[GRLUG] log line rate counter

Sun Sep 13 20:58:00 EDT 2009

A few weeks ago, I started wondering what exactly the request rate
looked like on a server, and I was pondering various ways of observing
that.

Finally, I settled on moving averages of requests per unit time, where
the update was triggered by requests instead of by a timer; It's
simpler to code that way.  To keep things even simpler,

To keep things even simpler, it would merely count the rate at which
it was fed lines on stdin.  So, really, it can do rate tracking for
anything that writes whole lines to a text file.

Fed a tail -f of apache logs, my resulting script's output looks like this:

20r/33s 40r/50s 60r/62s
20r/34s 40r/51s 60r/62s
20r/34s 40r/51s 60r/62s
20r/34s 40r/50s 60r/59s
20r/33s 40r/49s 60r/59s
20r/33s 40r/48s 60r/59s
20r/33s 40r/48s 60r/58s
20r/29s 40r/48s 60r/54s
20r/29s 40r/48s 60r/54s
20r/30s 40r/49s 60r/55s
20r/30s 40r/49s 60r/53s
20r/19s 40r/47s 60r/54s
20r/19s 40r/46s 60r/54s
20r/19s 40r/46s 60r/54s
20r/18s 40r/42s 60r/54s
20r/17s 40r/42s 60r/54s
20r/16s 40r/37s 60r/54s
20r/3s  40r/36s 60r/53s
20r/3s  40r/36s 60r/53s
20r/3s  40r/36s 60r/53s
20r/9s  40r/43s 60r/60s
20r/10s 40r/44s 60r/61s
20r/17s 40r/51s 60r/68s
20r/17s 40r/51s 60r/67s
20r/17s 40r/50s 60r/66s
20r/18s 40r/51s 60r/66s
20r/19s 40r/52s 60r/67s

Now, each lines is printed whenever the script is fed a line on STDIN.
 The format is (number of lines)r/(number of seconds)s, where the
number of seconds is how much time passed for the last (number of
lines) lines to be seen. So, for 20r/3s, it took three seconds between
the time that piece of information was printed and the time the piece
of information twenty rows back was printed.

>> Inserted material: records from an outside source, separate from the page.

lemma success_prob_first_only:
  fixes p t :: real
  assumes p: "0 \<le> p" "p \<le> 1" and t: "0 < t" "t \<le> 1"
  shows "success_prob p (\<lambda>i. if i = 0 then 1 else 0) t = p"
proof -
  have "stake_sum (\<lambda>i. if i = 0 then 1 else 0) \<omega> = (if \<omega> 0 then 1 else 0)" for \<omega>
    unfolding stake_sum_def by (subst suminf_finite[of "{0}"]) auto
  then have "{\<omega> \<in> space (bern_space p). t \<le> stake_sum (\<lambda>i. if i = 0 then 1 else 0) \<omega>}
      = {\<omega> \<in> space (bern_space p). {i\<in>{..<1}. \<not> \<omega> i} = {}}"
    using t by (auto intro!: gr0I)
  then show ?thesis
    using bern_space_cylinder(2)[OF p, of "{}" 1] by (simp add: success_prob_def)
qed

lemma opt_prob_eqI:
  assumes "stake_seq c\<^sub>0" "success_prob p c\<^sub>0 t = v"
    and "\<And>c. stake_seq c \<Longrightarrow> success_prob p c t \<le> v"
  shows "opt_prob p t = v"
proof (rule antisym)
  show "opt_prob p t \<le> v" unfolding opt_prob_def by (rule cSUP_least) (use assms in auto)
  have "bdd_above ((\<lambda>c. success_prob p c t) ` {c. stake_seq c})"
    using assms(3) by (intro bdd_aboveI) auto
  then show "v \<le> opt_prob p t"
    unfolding opt_prob_def by (rule cSUP_upper2[of _ _ c\<^sub>0]) (use assms in auto)
qed

theorem theorem12:
  fixes k :: nat and p t :: real
  assumes "k \<ge> 1"
    and "real k / real (k + 1) < p" and "p \<le> real (k + 1) / real (k + 2)"
    and "real (k + 1) / real (k + 2) < t" and "t \<le> 1"
  shows "opt_prob p t = p \<and> success_prob p (bold_play t) t = opt_prob p t"
proof -
  have p_ge: "1 / real (k + 2) \<le> 1 - p" and p_lt: "real (k + 2 - 1) * (1 - p) < 1"
    using assms(2,3) by (simp_all add: field_simps)
  have t_lt: "real (k + 2) * (1 - t) < 1"
    using assms(4) by (simp add: field_simps)
  have "1 / 2 \<le> real (k + 1) / real (k + 2)" by (simp add: field_simps)
  then have t_gt: "1 / 2 < t" using assms(4) by linarith
  have "0 \<le> real k / real (k + 1)" "real (k + 1) / real (k + 2) \<le> 1" by simp_all
  then have p: "0 \<le> p" "p \<le> 1" using assms(2,3) by linarith+
  have bold: "bold_play t = (\<lambda>i. if i = 0 then 1 else 0)"
    using t_gt assms(5) by (rule bold_play_eq)
  have first: "success_prob p (\<lambda>i. if i = 0 then 1 else 0) t = p"
    using p t_gt assms(5) by (intro success_prob_first_only) simp_all
  have "success_prob p c t \<le> p" if "stake_seq c" for c
    using success_prob_le[OF _ p_ge p_lt t_lt that] by simp
  then have "opt_prob p t = p" by (rule opt_prob_eqI[OF stake_seq_first_only first])
  then show ?thesis using first by (simp add: bold)
qed

end
lemma card_Un3_sum_le:
  fixes A B C D :: "'a set"
  assumes "finite A" "finite B" "finite C" "finite D"
  shows "card (A \<union> B \<union> C) + card (A \<union> B \<union> D) + card (A \<union> C \<union> D) + card (B \<union> C \<union> D)
       \<le> 2 * card (A \<union> B \<union> C \<union> D) + card A + card B + card C + card D"
proof -
  let ?U = "A \<union> B \<union> C \<union> D"
  let ?ind = "\<lambda>X x. of_bool (x \<in> X) :: nat"
  have card_eq: "card X = (\<Sum>x\<in>?U. ?ind X x)" if "X \<subseteq> ?U" for X
    using that assms by (simp add: Int_absorb1)
  have "(\<Sum>x\<in>?U. ?ind (A \<union> B \<union> C) x + ?ind (A \<union> B \<union> D) x + ?ind (A \<union> C \<union> D) x
        + ?ind (B \<union> C \<union> D) x)
      \<le> (\<Sum>x\<in>?U. 2 * ?ind ?U x + ?ind A x + ?ind B x + ?ind C x + ?ind D x)"
    by (rule sum_mono) auto
  then show ?thesis
    by (simp only: sum.distrib Un_least Un_upper1 Un_upper2 le_supI1 flip: sum_distrib_left card_eq)
qed

lemma AG_nbhd_eq_UN: "AG_indep n S \<Longrightarrow> AG_nbhd n S = (\<Union>p\<in>S. AG_nbrs n p)"
  unfolding AG_indep_def AG_nbhd_def AG_nbrs_def AG_adj_def by blast

lemma card_AG_nbrs_Un3:
  assumes indep: "AG_indep n {a, b, c}" and "a \<noteq> b" "a \<noteq> c" "b \<noteq> c"
  shows "6 * (n - 2) \<le> card (AG_nbrs n a \<union> AG_nbrs n b \<union> AG_nbrs n c) + 4"
proof -
  have alt: "a \<in> alt_perms n" "b \<in> alt_perms n" "c \<in> alt_perms n"
    using indep by (auto simp: AG_indep_def)
  have pairs: "AG_indep n {a, b}" "AG_indep n {a, c}" "AG_indep n {b, c}"
    using indep by (auto elim: AG_indep_subset)
  have "card (AG_nbrs n a) + card (AG_nbrs n b) + card (AG_nbrs n c)
      \<le> card (AG_nbrs n a \<union> AG_nbrs n b \<union> AG_nbrs n c) + 4"
  proof (rule card_Un3_lower_bound)
    show "AG_nbrs n b \<inter> AG_nbrs n c \<subseteq> AG_nbrs n a"
      if "card (AG_nbrs n a \<inter> AG_nbrs n b) = 2" "card (AG_nbrs n a \<inter> AG_nbrs n c) = 2"
      using AG_common_nbrs_subset[OF indep] assms that by blast
    show "AG_nbrs n a \<inter> AG_nbrs n c \<subseteq> AG_nbrs n b"
      if "card (AG_nbrs n a \<inter> AG_nbrs n b) = 2" "card (AG_nbrs n b \<inter> AG_nbrs n c) = 2"
      using AG_common_nbrs_subset[of n b a c] indep assms that
      by (simp add: insert_commute Int_commute)
    show "AG_nbrs n a \<inter> AG_nbrs n b \<subseteq> AG_nbrs n c"
      if "card (AG_nbrs n a \<inter> AG_nbrs n c) = 2" "card (AG_nbrs n b \<inter> AG_nbrs n c) = 2"
      using AG_common_nbrs_subset[of n c a b] indep assms that
      by (simp add: insert_commute Int_commute)
  qed (use alt pairs assms in \<open>simp_all add: finite_AG_nbrs card_AG_common_nbrs_le\<close>)
  then show ?thesis using alt by (simp add: card_AG_nbrs)
qed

Yeah, moving averages start looking kinda funny when you look too
close under the hood.

You may have noticed there are three colums:

20r19s 40r52s 60r67s

Each one of those is a moving average for a different length,
calculated at the same time.  The first column is 20 rows long, the
second is forty rows long, the third is sixty rows long.  20r19s means
that it took 19 seconds for 20 rows to be seen (or a hair under 1 row
per second), 40r/52s means that it took 52 seconds for the last 40
rows to be seen (or about 1.25 rows per second).  60r67s means that it
took 67s for sixty rows to be seen (or a bit under 1 row per second).

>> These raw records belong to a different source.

(* Let $\lambda\in\mathbb R\cup i\mathbb R$ be a constant, $\vec H\in\Gamma(E)$, and let $\varphi\in\Gamma(\Sigma)$ solve $D\varphi=\vec H\cdot\varphi-2\lambda\varphi$. Fix $p\in M$, an orthonormal basis $(e_1,e_2)$ of $T_pM$, and a unit vector $e_3\in E_p$ with $\vec H(p)=|\vec H(p)|e_3$. With $F_{++},F_{--},F_{+-},F_{-+}$ defined by $F_{++}(X,Y)=\Re e\langle\nabla_X\varphi^{++},Y\cdot e_3\cdot\varphi^{--}\rangle$, $F_{--}(X,Y)=\Re e\langle\nabla_X\varphi^{--},Y\cdot e_3\cdot\varphi^{++}\rangle$, $F_{+-}(X,Y)=\Re e\langle\nabla_X\varphi^{+-},Y\cdot e_3\cdot\varphi^{-+}\rangle$, $F_{-+}(X,Y)=\Re e\langle\nabla_X\varphi^{-+},Y\cdot e_3\cdot\varphi^{+-}\rangle$, one has at $p$: $F_{++}(e_1,e_2)=F_{++}(e_2,e_1)-2\Re e\langle\lambda\varphi^{-+},e_1\cdot e_2\cdot e_3\cdot\varphi^{--}\rangle$, $F_{--}(e_1,e_2)=F_{--}(e_2,e_1)-2\Re e\langle\lambda\varphi^{+-},e_1\cdot e_2\cdot e_3\cdot\varphi^{++}\rangle$, $F_{+-}(e_1,e_2)=F_{+-}(e_2,e_1)-2\Re e\langle\lambda\varphi^{--},e_1\cdot e_2\cdot e_3\cdot\varphi^{-+}\rangle$, $F_{-+}(e_1,e_2)=F_{-+}(e_2,e_1)-2\Re e\langle\lambda\varphi^{++},e_1\cdot e_2\cdot e_3\cdot\varphi^{+-}\rangle$.
   Context: Setup. $(M^2,g)$ is an oriented Riemannian surface with a fixed spin structure, and $E\to M$ is an oriented real vector bundle of rank $2$ with a metric $\langle\cdot,\cdot\rangle$, a compatible connection $\nabla^E$ and a fixed spin structure. $\Sigma M=\Sigma^+M\oplus\Sigma^-M$ and $\Sigma E=\Sigma^+E\oplus\Sigma^-E$ denote the complex spinor bundles of $M$ and $E$ with their half-spinor splittings, spinorial connections $\nabla^{\Sigma M},\nabla^{\Sigma E}$ and Clifford multiplications $\cdot_M,\cdot_E$. The twisted spinor bundle is $\Sigma=\Sigma M\otimes\Sigma E$, with connection $\nabla=\nabla^{\Sigma M}\otimes\mathrm{Id}+\mathrm{Id}\otimes\nabla^{\Sigma E}$ and Clifford multiplication by vectors of $TM\oplus E$ given on $\varphi=\alpha\otimes\sigma$ by $X\cdot\varphi=(X\cdot_M\alpha)\otimes\overline{\sigma}$ if $X\in TM$ and $X\cdot\varphi=\alpha\otimes(X\cdot_E\sigma)$ if $X\in E$, where $\overline\sigma=\sigma^+-\sigma^-$; this extends to an action of the Clifford bundle $Cl(TM\oplus E)$. $\Sigma$ carries its natural Hermitian product $\langle\cdot,\cdot\rangle$ ($\mathbb C$-linear in the first slot, antilinear in the second), compatible with $\nabla$, for which Clifford multiplication by vectors is skew-Hermitian; $\Re e\langle\cdot,\cdot\rangle$ is the associated real scalar product and $|\cdot|$ the norm. The Dirac operator is $D\varphi=e_1\cdot\nabla_{e_1}\varphi+e_2\cdot\nabla_{e_2}\varphi$, $(e_1,e_2)$ a local orthonormal frame of $TM$. Write $\Sigma^{\epsilon\delta}=\Sigma^\epsilon M\otimes\Sigma^\delta E$ ($\epsilon,\delta\in\{+,-\}$), decompose $\varphi=\varphi^{++}+\varphi^{--}+\varphi^{+-}+\varphi^{-+}$ accordingly, and set $\varphi^+=\varphi^{++}+\varphi^{--}$, $\varphi^-=\varphi^{+-}+\varphi^{-+}$. For $\lambda\in\mathbb C$, $\lambda X\cdot\varphi$ means complex scalar multiplication of $X\cdot\varphi$. *)

theory Defs
  imports Complex_Main
begin

text \<open>Pointwise model of the fibre at p of the twisted spinor bundle
  Sigma = Sigma M (x) Sigma E of a surface M with a rank-2 bundle E.
  Sigma_p M = C^2 with basis (alpha_plus, alpha_minus) spanning Sigma^+ M and Sigma^- M,
  Sigma_p E = C^2 with basis (sigma_plus, sigma_minus) spanning Sigma^+ E and Sigma^- E,
  both chosen orthonormal and adapted to the orthonormal frames (e1,e2) of T_pM and
  (e3,e4) of E_p.  A twisted spinor is given by its four coordinates
  phi eps del = coefficient of alpha_eps (x) sigma_del (True = +, False = -),
  so the component phi^{eps del} lies in Sigma^{eps del}.\<close>

type_synonym spinor = "bool \<Rightarrow> bool \<Rightarrow> complex"

text \<open>Clifford action of e1 and e2 on Sigma_p M = C^2 (indexed by bool).
  They are skew-Hermitian, square to -1, anticommute and exchange Sigma^+ M, Sigma^- M.
  The flag ori records the orientation of the frame (e1,e2): for the other orientation
  e2 acts by the opposite matrix.\<close>
definition clM1 :: "(bool \<Rightarrow> complex) \<Rightarrow> (bool \<Rightarrow> complex)" where
  "clM1 a = (\<lambda>e. if e then - a False else a True)"

definition clM2 :: "bool \<Rightarrow> (bool \<Rightarrow> complex) \<Rightarrow> (bool \<Rightarrow> complex)" where
  "clM2 ori a = (\<lambda>e. (if ori then 1 else -1) * (if e then \<i> * a False else \<i> * a True))"

definition clE3 :: "(bool \<Rightarrow> complex) \<Rightarrow> (bool \<Rightarrow> complex)" where
  "clE3 s = (\<lambda>d. if d then - s False else s True)"

text \<open>Twisted Clifford multiplication: X . (alpha (x) sigma) = (X . alpha) (x) sigma-bar for X in TM,
  alpha (x) (X . sigma) for X in E, where sigma-bar = sigma^+ - sigma^-.\<close>
definition cl1 :: "spinor \<Rightarrow> spinor" where
  "cl1 phi = (\<lambda>e d. clM1 (\<lambda>e'. phi e' d) e * (if d then 1 else -1))"

definition cl2 :: "bool \<Rightarrow> spinor \<Rightarrow> spinor" where
  "cl2 ori phi = (\<lambda>e d. clM2 ori (\<lambda>e'. phi e' d) e * (if d then 1 else -1))"

definition cl3 :: "spinor \<Rightarrow> spinor" where
  "cl3 phi = (\<lambda>e d. clE3 (\<lambda>d'. phi e d') d)"

definition smult_sp :: "complex \<Rightarrow> spinor \<Rightarrow> spinor" where
  "smult_sp c phi = (\<lambda>e d. c * phi e d)"

definition herm :: "spinor \<Rightarrow> spinor \<Rightarrow> complex" where
  "herm u v = (\<Sum>e\<in>UNIV. \<Sum>d\<in>UNIV. u e d * cnj (v e d))"

definition add_sp :: "spinor \<Rightarrow> spinor \<Rightarrow> spinor" where
  "add_sp u v = (\<lambda>e d. u e d + v e d)"

definition diff_sp :: "spinor \<Rightarrow> spinor \<Rightarrow> spinor" where
  "diff_sp u v = (\<lambda>e d. u e d - v e d)"

definition proj :: "bool \<Rightarrow> bool \<Rightarrow> spinor \<Rightarrow> spinor" where
  "proj eps del phi = (\<lambda>e d. if e = eps \<and> d = del then phi e d else 0)"

end

theory Submission
  imports Defs
begin

text \<open>Project the Dirac equation onto the component of type (-eps, del): since e1 and e2
  flip the M-chirality and e3 flips the E-chirality, it expresses
  e1 . nabla_{e1} phi^{eps del} through h e3 . phi^{-eps -del}, lam phi^{-eps del} and
  e2 . nabla_{e2} phi^{eps del}.  Pair this with e1 . e2 . e3 . phi^{-eps -del}, using that
  e1 is an isometry: the h-term drops out because e1 . e2 is skew-Hermitian and h is real,
  and the e2-term becomes F(e2, e1) because e2 . e1 . e2 = e1.\<close>

lemma herm_diff_left: "herm (diff_sp u v) w = herm u w - herm v w"
  by (simp add: herm_def diff_sp_def UNIV_bool algebra_simps)

lemma herm_smult_left: "herm (smult_sp c u) v = c * herm u v"
  by (simp add: herm_def smult_sp_def UNIV_bool algebra_simps)

lemma herm_cl1_cl1: "herm (cl1 u) (cl1 v) = herm u v"
  by (simp add: herm_def cl1_def clM1_def UNIV_bool algebra_simps)

lemma herm_cl2_skew: "herm (cl2 ori u) v = - herm u (cl2 ori v)"
  by (cases ori) (simp_all add: herm_def cl2_def clM2_def UNIV_bool algebra_simps)

lemma cl2_cl1_cl2: "cl2 ori (cl1 (cl2 ori u)) = cl1 u"
  by (auto simp: cl1_def cl2_def clM1_def clM2_def fun_eq_iff)

lemma Re_herm_cl1_cl2_self: "Re (herm u (cl1 (cl2 ori u))) = 0"
  by (cases ori) (simp_all add: herm_def cl1_def cl2_def clM1_def clM2_def UNIV_bool algebra_simps)

lemma proj_cl1: "proj eps del (cl1 u) = cl1 (proj (\<not> eps) del u)"
  by (auto simp: proj_def cl1_def clM1_def fun_eq_iff)

lemma proj_cl2: "proj eps del (cl2 ori u) = cl2 ori (proj (\<not> eps) del u)"
  by (auto simp: proj_def cl2_def clM2_def fun_eq_iff)

lemma proj_cl3: "proj eps del (cl3 u) = cl3 (proj eps (\<not> del) u)"
  by (auto simp: proj_def cl3_def clE3_def fun_eq_iff)

lemma proj_add: "proj eps del (add_sp u v) = add_sp (proj eps del u) (proj eps del v)"
  by (auto simp: proj_def add_sp_def fun_eq_iff)

lemma proj_diff: "proj eps del (diff_sp u v) = diff_sp (proj eps del u) (proj eps del v)"
  by (auto simp: proj_def diff_sp_def fun_eq_iff)

lemma proj_smult: "proj eps del (smult_sp c u) = smult_sp c (proj eps del u)"
  by (auto simp: proj_def smult_sp_def fun_eq_iff)

lemma add_sp_eq_imp_eq_diff_sp: "add_sp u v = w \<Longrightarrow> u = diff_sp w v"
  by (auto simp: add_sp_def diff_sp_def fun_eq_iff algebra_simps)

lemma dirac_component:
  assumes "add_sp (cl1 psi1) (cl2 ori psi2) = diff_sp (smult_sp c (cl3 phi)) (smult_sp (2 * lam) phi)"
  shows "cl1 (proj eps del psi1)
    = diff_sp (diff_sp (smult_sp c (cl3 (proj (\<not> eps) (\<not> del) phi)))
                       (smult_sp (2 * lam) (proj (\<not> eps) del phi)))
              (cl2 ori (proj eps del psi2))"
proof (rule add_sp_eq_imp_eq_diff_sp)
  have "proj (\<not> eps) del (add_sp (cl1 psi1) (cl2 ori psi2))
      = proj (\<not> eps) del (diff_sp (smult_sp c (cl3 phi)) (smult_sp (2 * lam) phi))"
    using assms by simp
  then show "add_sp (cl1 (proj eps del psi1)) (cl2 ori (proj eps del psi2))
    = diff_sp (smult_sp c (cl3 (proj (\<not> eps) (\<not> del) phi))) (smult_sp (2 * lam) (proj (\<not> eps) del phi))"
    by (simp add: proj_add proj_diff proj_smult proj_cl1 proj_cl2 proj_cl3)
qed

lemma dirac_swap_identity:
  fixes h :: real and eps del :: bool
  assumes dirac: "add_sp (cl1 psi1) (cl2 ori psi2)
                = diff_sp (smult_sp (complex_of_real h) (cl3 phi)) (smult_sp (2 * lam) phi)"
  defines "chi \<equiv> cl3 (proj (\<not> eps) (\<not> del) phi)"
  shows "Re (herm (proj eps del psi1) (cl2 ori chi))
    = Re (herm (proj eps del psi2) (cl1 chi))
      - 2 * Re (herm (smult_sp lam (proj (\<not> eps) del phi)) (cl1 (cl2 ori chi)))"
proof -
  let ?x = "proj eps del psi1" and ?y = "proj eps del psi2" and ?phi' = "proj (\<not> eps) del phi"
  have "herm ?x (cl2 ori chi) = herm (cl1 ?x) (cl1 (cl2 ori chi))"
    by (simp add: herm_cl1_cl1)
  also have "\<dots> = complex_of_real h * herm chi (cl1 (cl2 ori chi))
      - 2 * herm (smult_sp lam ?phi') (cl1 (cl2 ori chi))
      - herm (cl2 ori ?y) (cl1 (cl2 ori chi))"
    by (simp add: dirac_component[OF dirac] chi_def herm_diff_left herm_smult_left mult.assoc)
  also have "herm (cl2 ori ?y) (cl1 (cl2 ori chi)) = - herm ?y (cl1 chi)"
    by (simp add: herm_cl2_skew cl2_cl1_cl2)
  finally show ?thesis
    by (simp add: Re_herm_cl1_cl2_self)
qed

text \<open>phi = phi(p); psi1 = nabla_{e1} phi (p); psi2 = nabla_{e2} phi (p);
  H(p) = h e3 with h = |H(p)|.  Since nabla preserves the splitting,
  nabla_X phi^{eps del} = proj eps del (nabla_X phi).  The Dirac equation at p reads
  e1 . psi1 + e2 . psi2 = h e3 . phi - 2 lam phi.\<close>
theorem mainTheorem6:
  fixes ori :: bool and h :: real and lam :: complex and phi psi1 psi2 :: spinor
  assumes lam: "Im lam = 0 \<or> Re lam = 0"
    and h: "h \<ge> 0"
    and dirac: "add_sp (cl1 psi1) (cl2 ori psi2)
                = diff_sp (smult_sp (complex_of_real h) (cl3 phi)) (smult_sp (2 * lam) phi)"
  shows "(Re (herm (proj True True psi1) (cl2 ori (cl3 (proj False False phi)))) = Re (herm (proj True True psi2) (cl1 (cl3 (proj False False phi)))) - 2 * Re (herm (smult_sp lam (proj False True phi)) (cl1 (cl2 ori (cl3 (proj False False phi))))))
    \<and> (Re (herm (proj False False psi1) (cl2 ori (cl3 (proj True True phi)))) = Re (herm (proj False False psi2) (cl1 (cl3 (proj True True phi)))) - 2 * Re (herm (smult_sp lam (proj True False phi)) (cl1 (cl2 ori (cl3 (proj True True phi))))))
    \<and> (Re (herm (proj True False psi1) (cl2 ori (cl3 (proj False True phi)))) = Re (herm (proj True False psi2) (cl1 (cl3 (proj False True phi)))) - 2 * Re (herm (smult_sp lam (proj False False phi)) (cl1 (cl2 ori (cl3 (proj False True phi))))))
    \<and> (Re (herm (proj False True psi1) (cl2 ori (cl3 (proj True False phi)))) = Re (herm (proj False True psi2) (cl1 (cl3 (proj True False phi)))) - 2 * Re (herm (smult_sp lam (proj True True phi)) (cl1 (cl2 ori (cl3 (proj True False phi))))))"
proof -
  note swap = dirac_swap_identity[OF dirac]
  show ?thesis
    using swap[of True True] swap[of False False] swap[of True False] swap[of False True]
    by simp
qed

end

I originally had the script actually do the division, but that
complicated the code slightly; Since I'm only checking UNIX
timestamps, it's pretty easy to have (number of rows) appear in less
than a second, which means checking for div/0, etc.  It also means
formatting floating-point numbers.  I can (and did) do both, but I
honestly think this format is slightly more informative.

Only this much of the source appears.